The BC Court of Appeal ruling in the Haida case reiterates the need to negotiate: “Of course as both this Court and the Supreme Court of Canada have said many times, a negotiated settlement, by treaty or otherwise[.]is always better than a judgment after litigation pursued to the end. (Justice Lambert)
Further, Tsilhqot’in also illustrates that while the treaty negotiations process takes time, the litigation process has not proven to be a faster route to reconciliation.
International Treaty Law and Self Determination
Modern treaty making is not unique to Canada. In New Zealand the Treaty of Waitangi was signed in 1840 with the Maori people. Although this treaty is considered the founding document of New Zealand, there are still treaty settlement negotiations ongoing to resolve long-standing disputes about the treaty and renew the relationship between the Maori and the Government of New Zealand. Australia is also currently embarking on treaties with the Torres Strait Islander and aborigine peoples. Furthermore, a succession of U.S. presidents have reaffirmed that a government-to-government relationship exists between the United States and Native American / Indian Nations.
Under international treaty law, nations must respect Indigenous People's right to self-determination. The International Bill of Rights of the United Nations declares that self-determination is the right of a people to freely determine their political status and freely pursue their economic, social, and cultural development and to dispose of and benefit from their wealth and natural resources. The United Nations Declaration on the Rights of Indigenous Peoples further emphasizes the right to self-determination.
The United Nations Declaration on the Rights of Indigenous Peoples (UNDRIP) was adopted by the General Assembly on September 13 2007, by a majority of 144 states in favour, 4 votes against (Australia, Canada, New Zealand and the United States) and 11 abstentions. In May 2016, Canada removed its objector status to the UNDRIP, and to various degrees so have the other objector member states.

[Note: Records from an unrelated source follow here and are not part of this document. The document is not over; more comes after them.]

lemma Iprime_gens_outer_row:
  assumes "r \<le> n"
    and "(r0, U) \<in> {(0, block Xmat (n - r) (n + r)), (n + r, block Xmat (n - r) 0)}"
    and "1 \<le> a" "a \<le> n - r" "1 \<le> j" "j \<le> 2 * n"
  shows "Var (r0 + a) j + Const h * (\<Sum>t=1..2 * r.
      mmul (n - r) (antiJ (n - r)) (mtrans U) a t * Var (n - r + (2 * r + 1 - t)) j) \<in> Iprime_gens n r h"
proof -
  obtain c w where cw: "(c, w) \<in> {(0, n - r), (n - r, 2 * r), (n + r, n - r)}" "c < j" "j \<le> c + w"
  proof -
    consider "j \<le> n - r" | "n - r < j" "j \<le> n + r" | "n + r < j"
      by linarith
    then show thesis
    proof cases
      case 1
      then show thesis using assms by (intro that[of 0 "n - r"]) auto
    next
      case 2
      then show thesis using assms by (intro that[of "n - r" "2 * r"]) auto
    next
      case 3
      then show thesis using assms by (intro that[of "n + r" "n - r"]) auto
    qed
  qed
  let ?gen = "madd (block Xmat r0 c)
      (msmul (Const h) (mmul (2 * r) (mmul (n - r) (antiJ (n - r)) (mtrans U))
                                     (mmul (2 * r) (antiJ (2 * r)) (block Xmat (n - r) c))))"
  have "Var (r0 + a) j + Const h * (\<Sum>t=1..2 * r.
      mmul (n - r) (antiJ (n - r)) (mtrans U) a t * Var (n - r + (2 * r + 1 - t)) j) = ?gen a (j - c)"
    using cw(2) by (simp add: madd_def msmul_def mmul_mmul_antiJ_left block_def Xmat_def)
  also have "\<dots> \<in> entries ?gen (n - r) w"
    using assms cw by (intro entries_memI) auto
  also have "\<dots> \<subseteq> Iprime_gens n r h"
    using assms(1,2) cw(1) by (rule Iprime_gens_outer_blocks)
  finally show ?thesis .
qed
(* In the setting described in the context, the service placement $X^\psi$ output by algorithm SA1 has total reward $\sum_{k\in U}f_\psi(k)w_k\ge\mathbb E\left[\sum_{k\in U}f_\tau(k)w_k\right]$, where the expectation is over the random slot allocation $\tau$.
   Context: An SPSC instance: finite sets $S$ (services), $V$ (nodes), $U$ (users); sizes $s_i>0$; capacities $c_j>0$; for each user $k$ a service $i_k\in S$, a set $T_k\subseteq V$, a reward $w_k>0$. Total reward of a placement $X=\{X_i\subseteq V\}$: $\sum_kw_k\mathbf 1[T_k\cap X_{i_k}\ne\emptyset]$. Let $\{x_{ij}\},\{y_k\}$ be an optimal solution of the LP with nonnegative variables: maximize $\sum_ky_kw_k$ s.t. $y_k\le\sum_{j\in T_k}x_{i_kj}$, $y_k\le1$; $\sum_ix_{ij}s_i\le c_j$; $x_{ij}=0$ if $s_i>c_j$; $0\le x_{ij}\le1$. Fix $\beta<1$ with $\max_is_i\le\beta\min_jc_j$; $\gamma:=1-\sqrt\beta$, $\delta:=(1-\sqrt\beta)^2$, $\mathbb N=\{1,2,\dots\}$. For $j\in V,q\in\mathbb N$: $P_j^q:=\{i:\gamma^qc_j\beta<s_i\le\gamma^{q-1}c_j\beta\}$, $d_j^q:=\sum_{i\in P_j^q}x_{ij}$, $v_j:=\delta c_j/\sum_is_ix_{ij}$, $n_j^q:=\lceil v_jd_j^q\rceil$. Slot set $\Lambda$: for every $j,q$ with $P_j^q\ne\emptyset$, $n_j^q$ slots $\sigma$ with node $\nu(\sigma)=j$, class $\kappa(\sigma)=q$. A slot allocation is $\tau:\Lambda\to S$ with $\tau(\sigma)\in P^{\kappa(\sigma)}_{\nu(\sigma)}$; $X^\tau_i:=\{j:\exists\sigma,\nu(\sigma)=j,\tau(\sigma)=i\}$; $f_\tau(k):=\mathbf 1[T_k\cap X^\tau_{i_k}\ne\emptyset]$. Random slot allocation: each slot $\sigma$ independently gets $\tau(\sigma)=i$ with probability $x_{i\nu(\sigma)}/d^{\kappa(\sigma)}_{\nu(\sigma)}$, $i\in P^{\kappa(\sigma)}_{\nu(\sigma)}$. A partial slot allocation is $\tau':\Lambda\to S\cup\{\emptyset\}$ with $\tau'(\sigma)\in P^{\kappa(\sigma)}_{\nu(\sigma)}\cup\{\emptyset\}$; $A(\tau')$ is the set of slot allocations agreeing with $\tau'$ wherever $\tau'(\sigma)\ne\emptyset$; $E(\tau'):=\mathbb E[\sum_kf_\tau(k)w_k\mid\tau\in A(\tau')]$. Algorithm SA1: start with $\tau'(\sigma)=\emptyset$ for all $\sigma$; process the slots one at a time; for the current slot $\sigma$ and each $i\in P^{\kappa(\sigma)}_{\nu(\sigma)}$ let $\tau'_i$ be $\tau'$ with $\sigma$ assigned $i$, choose $i'$ maximizing $E(\tau'_i)$, set $\tau'(\sigma):=i'$. When all slots are assigned let $\psi:=\tau'$ and output $X^\psi$. *)

theory Defs
  imports Complex_Main "HOL-Library.FuncSet"
begin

Self-determination is at the heart of the BC negotiations process and is one of the primary principles of the UNDRIP. The 1991 Report of the British Columbia Claims Task Force, which stands as the foundation of the BCTC and the blueprint for the negotiations process, describes reconciliation as “the establishment of a new relationship based on mutual trust, respect and understanding — through political negotiations” [Task Force Report Recommendation 1]. It further states that “recognition and respect for First Nations as self-determining and distinct nations with their own spiritual values, histories, languages, territories, political institutions and ways of life must be the hallmark of this new relationship” [Task Force Report, pages 7-8].